lemma card_merged_sizes_le: "1 \<le> r \<Longrightarrow> card {s \<in> {1..L}. min (r + s - 1) L = R} \<le> r"
proof -
  assume r: "1 \<le> r"
  let ?T = "if R < L then {R + 1 - r} else {L + 1 - r..L}"
  have "{s \<in> {1..L}. min (r + s - 1) L = R} \<subseteq> ?T"
    by auto
  then have "card {s \<in> {1..L}. min (r + s - 1) L = R} \<le> card ?T"
    by (rule card_mono[rotated]) simp
  moreover have "card ?T \<le> r"
    using r by auto
  ultimately show ?thesis
    by linarith
qed

lemma merged_sizes_weight_sum_le:
  "(\<Sum>r=1..L. \<Sum>s\<in>{s \<in> {1..L}. min (r + s - 1) L = R}. real R ^ 4 / (real r * real s) ^ 4) \<le> 32"
proof -
  let ?S = "\<lambda>r. {s \<in> {1..L}. min (r + s - 1) L = R}"
  have split: "real R ^ 4 / (real r * real s) ^ 4 \<le> 8 / real r ^ 4 + 8 / real s ^ 4"
    if "1 \<le> r" "1 \<le> s" "R \<le> r + s" for r s
  proof -
    have "real R \<le> real r + real s"
      using that by simp
    then have "real R ^ 4 \<le> (real r + real s) ^ 4"
      by (rule power_mono) simp
    then have "real R ^ 4 \<le> 8 * (real r ^ 4 + real s ^ 4)"
      using power4_add_le[of "real r" "real s"] by linarith
    then show ?thesis
      using that by (simp add: field_simps)
  qed
  have first: "(\<Sum>r=1..L. \<Sum>s\<in>?S r. 1 / real r ^ 4) \<le> 2"
  proof -
    have "(\<Sum>r=1..L. \<Sum>s\<in>?S r. 1 / real r ^ 4) \<le> (\<Sum>r=1..L. real r / real r ^ 4)"
      using card_merged_sizes_le by (intro sum_mono) (simp add: divide_right_mono)
    also have "\<dots> = (\<Sum>r=1..L. 1 / real r ^ 3)"
      by (intro sum.cong) (auto simp: field_simps power_eq_if)
    also have "\<dots> \<le> 2"
      by (rule sum_inverse_powers_le_2) simp
    finally show ?thesis .
  qed
  have "(\<Sum>r=1..L. \<Sum>s\<in>?S r. 1 / real s ^ 4) = (\<Sum>s=1..L. \<Sum>r\<in>{r \<in> {1..L}. min (r + s - 1) L = R}. 1 / real s ^ 4)"
    by (rule sum.swap_restrict) simp_all
  also have "\<dots> = (\<Sum>r=1..L. \<Sum>s\<in>?S r. 1 / real r ^ 4)"
    by (simp add: add.commute)
  finally have second: "(\<Sum>r=1..L. \<Sum>s\<in>?S r. 1 / real s ^ 4) \<le> 2"
    using first by simp
  have "(\<Sum>r=1..L. \<Sum>s\<in>?S r. real R ^ 4 / (real r * real s) ^ 4)
      \<le> (\<Sum>r=1..L. \<Sum>s\<in>?S r. 8 / real r ^ 4 + 8 / real s ^ 4)"
    by (intro sum_mono split) auto
  also have "\<dots> = 8 * (\<Sum>r=1..L. \<Sum>s\<in>?S r. 1 / real r ^ 4) + 8 * (\<Sum>r=1..L. \<Sum>s\<in>?S r. 1 / real s ^ 4)"
    by (simp only: sum.distrib sum_distrib_left times_divide_eq_right mult_1_right)
  also have "\<dots> \<le> 32"
    using first second by simp
  finally show ?thesis .
qed

lemma merged_pairs_subset_image_corners:
  "merged_pairs L R C \<subseteq> (\<lambda>((r, s), (a, b)). ((r, block L r a), (s, block L s b))) `
     ((SIGMA r:{1..L}. {s \<in> {1..L}. min (r + s - 1) L = R}) \<times> (C \<times> C))"
proof (clarify)
  fix r A s B assume p: "((r, A), (s, B)) \<in> merged_pairs L R C"
  note m = merged_pairsD[OF p]
  obtain a b where "a \<in> sites L" "A = block L r a" "b \<in> sites L" "B = block L s b"
    using m(3,4) by (metis blocksE)
  moreover have "a \<in> C" "b \<in> C"
    using calculation m corner_in_block[of a L r] corner_in_block[of b L s] by auto
  ultimately show "((r, A), (s, B)) \<in> (\<lambda>((r, s), (a, b)). ((r, block L r a), (s, block L s b))) `
      ((SIGMA r:{1..L}. {s \<in> {1..L}. min (r + s - 1) L = R}) \<times> (C \<times> C))"
    using m by (intro image_eqI[of _ _ "((r, s), (a, b))"]) auto
qed

lemma merged_pairs_weight_le:
  assumes C: "C \<in> blocks L R"
  shows "(\<Sum>((r, A), (s, B))\<in>merged_pairs L R C. 1 / (real r * real s) ^ 4) \<le> 32"
proof -
  let ?Q = "SIGMA r:{1..L}. {s \<in> {1..L}. min (r + s - 1) L = R}"
  let ?pair = "\<lambda>((r, s), (a, b)). ((r, block L r a), (s, block L s b))"
  let ?weight = "\<lambda>((r, A), (s, B)). 1 / (real r * real s) ^ 4"
  obtain c where "C = block L R c" using C by (rule blocksE)
  then have "card C ^ 2 \<le> (R ^ 2) ^ 2"
    using card_block_le[of L R c] by (intro power_mono) auto
  then have card_C: "real (card C) ^ 2 \<le> real R ^ 4"
    by (metis of_nat_le_iff of_nat_power power_mult[symmetric] num_double numeral_times_numeral)
  have finite: "finite (?Q \<times> (C \<times> C))"
    using C by (auto elim: blocksE)
  have "sum ?weight (merged_pairs L R C) \<le> sum ?weight (?pair ` (?Q \<times> (C \<times> C)))"
    using finite merged_pairs_subset_image_corners by (intro sum_mono2) auto
  also have "\<dots> \<le> sum (?weight \<circ> ?pair) (?Q \<times> (C \<times> C))"
    using finite by (intro sum_image_le) auto
  also have "\<dots> = (\<Sum>((r, s), _)\<in>?Q \<times> (C \<times> C). 1 / (real r * real s) ^ 4)"
    by (rule sum.cong) auto
  also have "\<dots> = (\<Sum>(r, s)\<in>?Q. real (card C) ^ 2 * (1 / (real r * real s) ^ 4))"
    by (subst sum.cartesian_product[symmetric]) (simp add: card_cartesian_product power2_eq_square case_prod_beta)
  also have "\<dots> \<le> (\<Sum>(r, s)\<in>?Q. real R ^ 4 / (real r * real s) ^ 4)"
    using card_C by (intro sum_mono) (simp add: case_prod_beta divide_right_mono)
  also have "\<dots> = (\<Sum>r=1..L. \<Sum>s\<in>{s \<in> {1..L}. min (r + s - 1) L = R}. real R ^ 4 / (real r * real s) ^ 4)"
    by (rule sum.Sigma[symmetric]) auto
  also have "\<dots> \<le> 32"
    by (rule merged_sizes_weight_sum_le)
  finally show ?thesis .
qed

lemma op_mult_sum_sum:
  assumes M: "\<And>\<sigma> \<tau>. \<sigma> \<in> configs L d \<Longrightarrow> \<tau> \<in> configs L d \<Longrightarrow> M \<sigma> \<tau> = (\<Sum>i\<in>I. f i \<sigma> \<tau>)"
    and N: "\<And>\<sigma> \<tau>. \<sigma> \<in> configs L d \<Longrightarrow> \<tau> \<in> configs L d \<Longrightarrow> N \<sigma> \<tau> = (\<Sum>j\<in>J. g j \<sigma> \<tau>)"
    and \<sigma>: "\<sigma> \<in> configs L d" and \<tau>: "\<tau> \<in> configs L d"
  shows "op_mult L d M N \<sigma> \<tau> = (\<Sum>i\<in>I. \<Sum>j\<in>J. op_mult L d (f i) (g j) \<sigma> \<tau>)"
proof -
  have "op_mult L d M N \<sigma> \<tau> = (\<Sum>\<rho>\<in>configs L d. \<Sum>i\<in>I. \<Sum>j\<in>J. f i \<sigma> \<rho> * g j \<rho> \<tau>)"
    unfolding op_mult_def using M[OF \<sigma>] N[OF _ \<tau>] by (simp add: sum_product)
  also have "\<dots> = (\<Sum>i\<in>I. \<Sum>\<rho>\<in>configs L d. \<Sum>j\<in>J. f i \<sigma> \<rho> * g j \<rho> \<tau>)"
    by (rule sum.swap)
  also have "\<dots> = (\<Sum>i\<in>I. \<Sum>j\<in>J. \<Sum>\<rho>\<in>configs L d. f i \<sigma> \<rho> * g j \<rho> \<tau>)"
    by (rule sum.cong[OF refl], rule sum.swap)
  finally show ?thesis
    unfolding op_mult_def .
qed

lemma commutator_sum_sum:
  assumes "\<And>\<sigma> \<tau>. \<sigma> \<in> configs L d \<Longrightarrow> \<tau> \<in> configs L d \<Longrightarrow> M \<sigma> \<tau> = (\<Sum>i\<in>I. f i \<sigma> \<tau>)"
    and "\<And>\<sigma> \<tau>. \<sigma> \<in> configs L d \<Longrightarrow> \<tau> \<in> configs L d \<Longrightarrow> N \<sigma> \<tau> = (\<Sum>j\<in>J. g j \<sigma> \<tau>)"
    and "\<sigma> \<in> configs L d" and "\<tau> \<in> configs L d"
  shows "commutator L d M N \<sigma> \<tau> = (\<Sum>(i, j)\<in>I \<times> J. commutator L d (f i) (g j) \<sigma> \<tau>)"
proof -
  have "commutator L d M N \<sigma> \<tau>
      = (\<Sum>i\<in>I. \<Sum>j\<in>J. op_mult L d (f i) (g j) \<sigma> \<tau>) - (\<Sum>j\<in>J. \<Sum>i\<in>I. op_mult L d (g j) (f i) \<sigma> \<tau>)"
    unfolding commutator_def using op_mult_sum_sum[OF assms] op_mult_sum_sum[OF assms(2,1,3,4)] by simp
  also have "\<dots> = (\<Sum>i\<in>I. \<Sum>j\<in>J. commutator L d (f i) (g j) \<sigma> \<tau>)"
    unfolding commutator_def sum.swap[of _ J] by (simp add: sum_subtractf)
  finally show ?thesis
    by (simp add: sum.cartesian_product)
qed

lemma local_decomp_sum:
  assumes "local_decomp L d W V" and "\<sigma> \<in> configs L d" and "\<tau> \<in> configs L d"
  shows "V \<sigma> \<tau> = (\<Sum>(r, A)\<in>decomp_index L. W r A \<sigma> \<tau>)"
  using assms unfolding local_decomp_def decomp_index_def by (simp add: sum.Sigma)

definition pair_commutator :: "nat \<Rightarrow> (site \<Rightarrow> nat) \<Rightarrow> (nat \<Rightarrow> site set \<Rightarrow> op) \<Rightarrow> (nat \<Rightarrow> site set \<Rightarrow> op)
    \<Rightarrow> (nat \<times> site set) \<times> (nat \<times> site set) \<Rightarrow> op" where
  "pair_commutator L d W1 W2 = (\<lambda>((r, A), (s, B)). commutator L d (W1 r A) (W2 s B))"

definition commutator_decomp :: "nat \<Rightarrow> (site \<Rightarrow> nat) \<Rightarrow> (nat \<Rightarrow> site set \<Rightarrow> op) \<Rightarrow> (nat \<Rightarrow> site set \<Rightarrow> op)
    \<Rightarrow> nat \<Rightarrow> site set \<Rightarrow> op" where
  "commutator_decomp L d W1 W2 R C = (\<lambda>\<sigma> \<tau>. \<Sum>p\<in>merged_pairs L R C. pair_commutator L d W1 W2 p \<sigma> \<tau>)"

lemma commutator_eq_sum_overlapping_pairs:
  assumes S: "local_decomp L d W1 S" and V: "local_decomp L d W2 V"
    and \<sigma>: "\<sigma> \<in> configs L d" and \<tau>: "\<tau> \<in> configs L d"
  shows "commutator L d S V \<sigma> \<tau> = (\<Sum>p\<in>overlapping_pairs L. pair_commutator L d W1 W2 p \<sigma> \<tau>)"
proof -
  have "commutator L d S V \<sigma> \<tau> = (\<Sum>p\<in>decomp_index L \<times> decomp_index L. pair_commutator L d W1 W2 p \<sigma> \<tau>)"
    using commutator_sum_sum[where I = "decomp_index L" and f = "\<lambda>(r, A). W1 r A"
        and J = "decomp_index L" and g = "\<lambda>(s, B). W2 s B"]
      local_decomp_sum[OF S] local_decomp_sum[OF V] \<sigma> \<tau>
    by (simp add: pair_commutator_def case_prod_beta)
  also have "\<dots> = (\<Sum>p\<in>overlapping_pairs L. pair_commutator L d W1 W2 p \<sigma> \<tau>)"
  proof (rule sum.mono_neutral_right)
    show "overlapping_pairs L \<subseteq> decomp_index L \<times> decomp_index L"
      by (auto simp: overlapping_pairs_def)
    show "\<forall>p\<in>decomp_index L \<times> decomp_index L - overlapping_pairs L. pair_commutator L d W1 W2 p \<sigma> \<tau> = 0"
    proof
      fix p assume p: "p \<in> decomp_index L \<times> decomp_index L - overlapping_pairs L"
      obtain r A s B where pp: "p = ((r, A), (s, B))" by (cases p) auto
      have "supported_on L d A (W1 r A)" "supported_on L d B (W2 s B)" "A \<inter> B = {}"
        using p S V unfolding pp by (auto simp: local_decomp_def)
      then show "pair_commutator L d W1 W2 p \<sigma> \<tau> = 0"
        unfolding pp pair_commutator_def using commutator_disjoint_supports_eq_0 \<sigma> \<tau> by simp
    qed
  qed simp
  finally show ?thesis .
qed

lemma commutator_local_decomp:
  assumes S: "local_decomp L d W1 S" and V: "local_decomp L d W2 V"
  shows "local_decomp L d (commutator_decomp L d W1 W2) (commutator L d S V)"
  unfolding local_decomp_def
proof (intro conjI allI impI ballI)
  fix R C assume "C \<in> blocks L R"
  show "supported_on L d C (commutator_decomp L d W1 W2 R C)"
    unfolding commutator_decomp_def
  proof (rule supported_on_sum, clarify)
    fix r A s B assume p: "((r, A), (s, B)) \<in> merged_pairs L R C"
    note m = merged_pairsD[OF p]
    have "supported_on L d A (W1 r A)" "supported_on L d B (W2 s B)"
      using S V m by (auto simp: local_decomp_def)
    then show "supported_on L d C (pair_commutator L d W1 W2 ((r, A), (s, B)))"
      unfolding pair_commutator_def using m by (auto intro: supported_on_commutator supported_on_mono)
  qed
next
  fix \<sigma> \<tau> assume \<sigma>: "\<sigma> \<in> configs L d" and \<tau>: "\<tau> \<in> configs L d"
  have "commutator L d S V \<sigma> \<tau> = (\<Sum>p\<in>overlapping_pairs L. pair_commutator L d W1 W2 p \<sigma> \<tau>)"
    by (rule commutator_eq_sum_overlapping_pairs[OF S V \<sigma> \<tau>])
  also have "\<dots> = (\<Sum>(R, C)\<in>decomp_index L. commutator_decomp L d W1 W2 R C \<sigma> \<tau>)"
  proof -
    have "merge L ` overlapping_pairs L \<subseteq> decomp_index L"
      using merge_overlapping_pair(1) by force
    then show ?thesis
      unfolding commutator_decomp_def merged_pairs_def
      by (subst sum.group[symmetric, where g = "merge L" and T = "decomp_index L"]) (auto simp: case_prod_beta)
  qed
  also have "\<dots> = (\<Sum>R=1..L. \<Sum>C\<in>blocks L R. commutator_decomp L d W1 W2 R C \<sigma> \<tau>)"
    unfolding decomp_index_def by (simp add: sum.Sigma)
  finally show "commutator L d S V \<sigma> \<tau> = (\<Sum>R=1..L. \<Sum>C\<in>blocks L R. commutator_decomp L d W1 W2 R C \<sigma> \<tau>)" .
qed

lemma decaying_decomp_nonneg:
  assumes "decaying_decomp L d W K \<mu> \<alpha>" and "1 \<le> r" and "A \<in> blocks L r"
  shows "0 \<le> K"
proof -
  have "0 \<le> op_norm L d (W r A) * real r powr \<alpha> * exp (\<mu> * real r)"
    by (intro mult_nonneg_nonneg op_norm_nonneg) auto
  also have "\<dots> \<le> K"
    using assms unfolding decaying_decomp_def by blast
  finally show ?thesis .
qed

lemma decaying_decomp_power4:
  assumes D: "decaying_decomp L d W K \<mu> \<alpha>" and "4 \<le> \<alpha>" and r: "1 \<le> r" and "A \<in> blocks L r"
  shows "op_norm L d (W r A) * real r ^ 4 * exp (\<mu> * real r) \<le> K"
proof -
  have "real r ^ 4 = real r powr 4"
    using r by (simp add: powr_realpow)
  also have "\<dots> \<le> real r powr \<alpha>"
    using assms by (intro powr_mono) auto
  finally have "real r ^ 4 \<le> real r powr \<alpha>" .
  then have "op_norm L d (W r A) * real r ^ 4 * exp (\<mu> * real r)
      \<le> op_norm L d (W r A) * real r powr \<alpha> * exp (\<mu> * real r)"
    by (intro mult_right_mono mult_left_mono op_norm_nonneg) auto
  also have "\<dots> \<le> K"
    using assms unfolding decaying_decomp_def by blast
  finally show ?thesis .
qed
==*==
**Problem description:**
Where the word "Longrightarrow" appears in a line of the entries, copy that line.

**Reply to the exercise:**
lemma card_merged_sizes_le: "1 \<le> r \<Longrightarrow> card {s \<in> {1..L}. min (r + s - 1) L = R} \<le> r"
  assumes M: "\<And>\<sigma> \<tau>. \<sigma> \<in> configs L d \<Longrightarrow> \<tau> \<in> configs L d \<Longrightarrow> M \<sigma> \<tau> = (\<Sum>i\<in>I. f i \<sigma> \<tau>)"
    and N: "\<And>\<sigma> \<tau>. \<sigma> \<in> configs L d \<Longrightarrow> \<tau> \<in> configs L d \<Longrightarrow> N \<sigma> \<tau> = (\<Sum>j\<in>J. g j \<sigma> \<tau>)"
  assumes "\<And>\<sigma> \<tau>. \<sigma> \<in> configs L d \<Longrightarrow> \<tau> \<in> configs L d \<Longrightarrow> M \<sigma> \<tau> = (\<Sum>i\<in>I. f i \<sigma> \<tau>)"
    and "\<And>\<sigma> \<tau>. \<sigma> \<in> configs L d \<Longrightarrow> \<tau> \<in> configs L d \<Longrightarrow> N \<sigma> \<tau> = (\<Sum>j\<in>J. g j \<sigma> \<tau>)"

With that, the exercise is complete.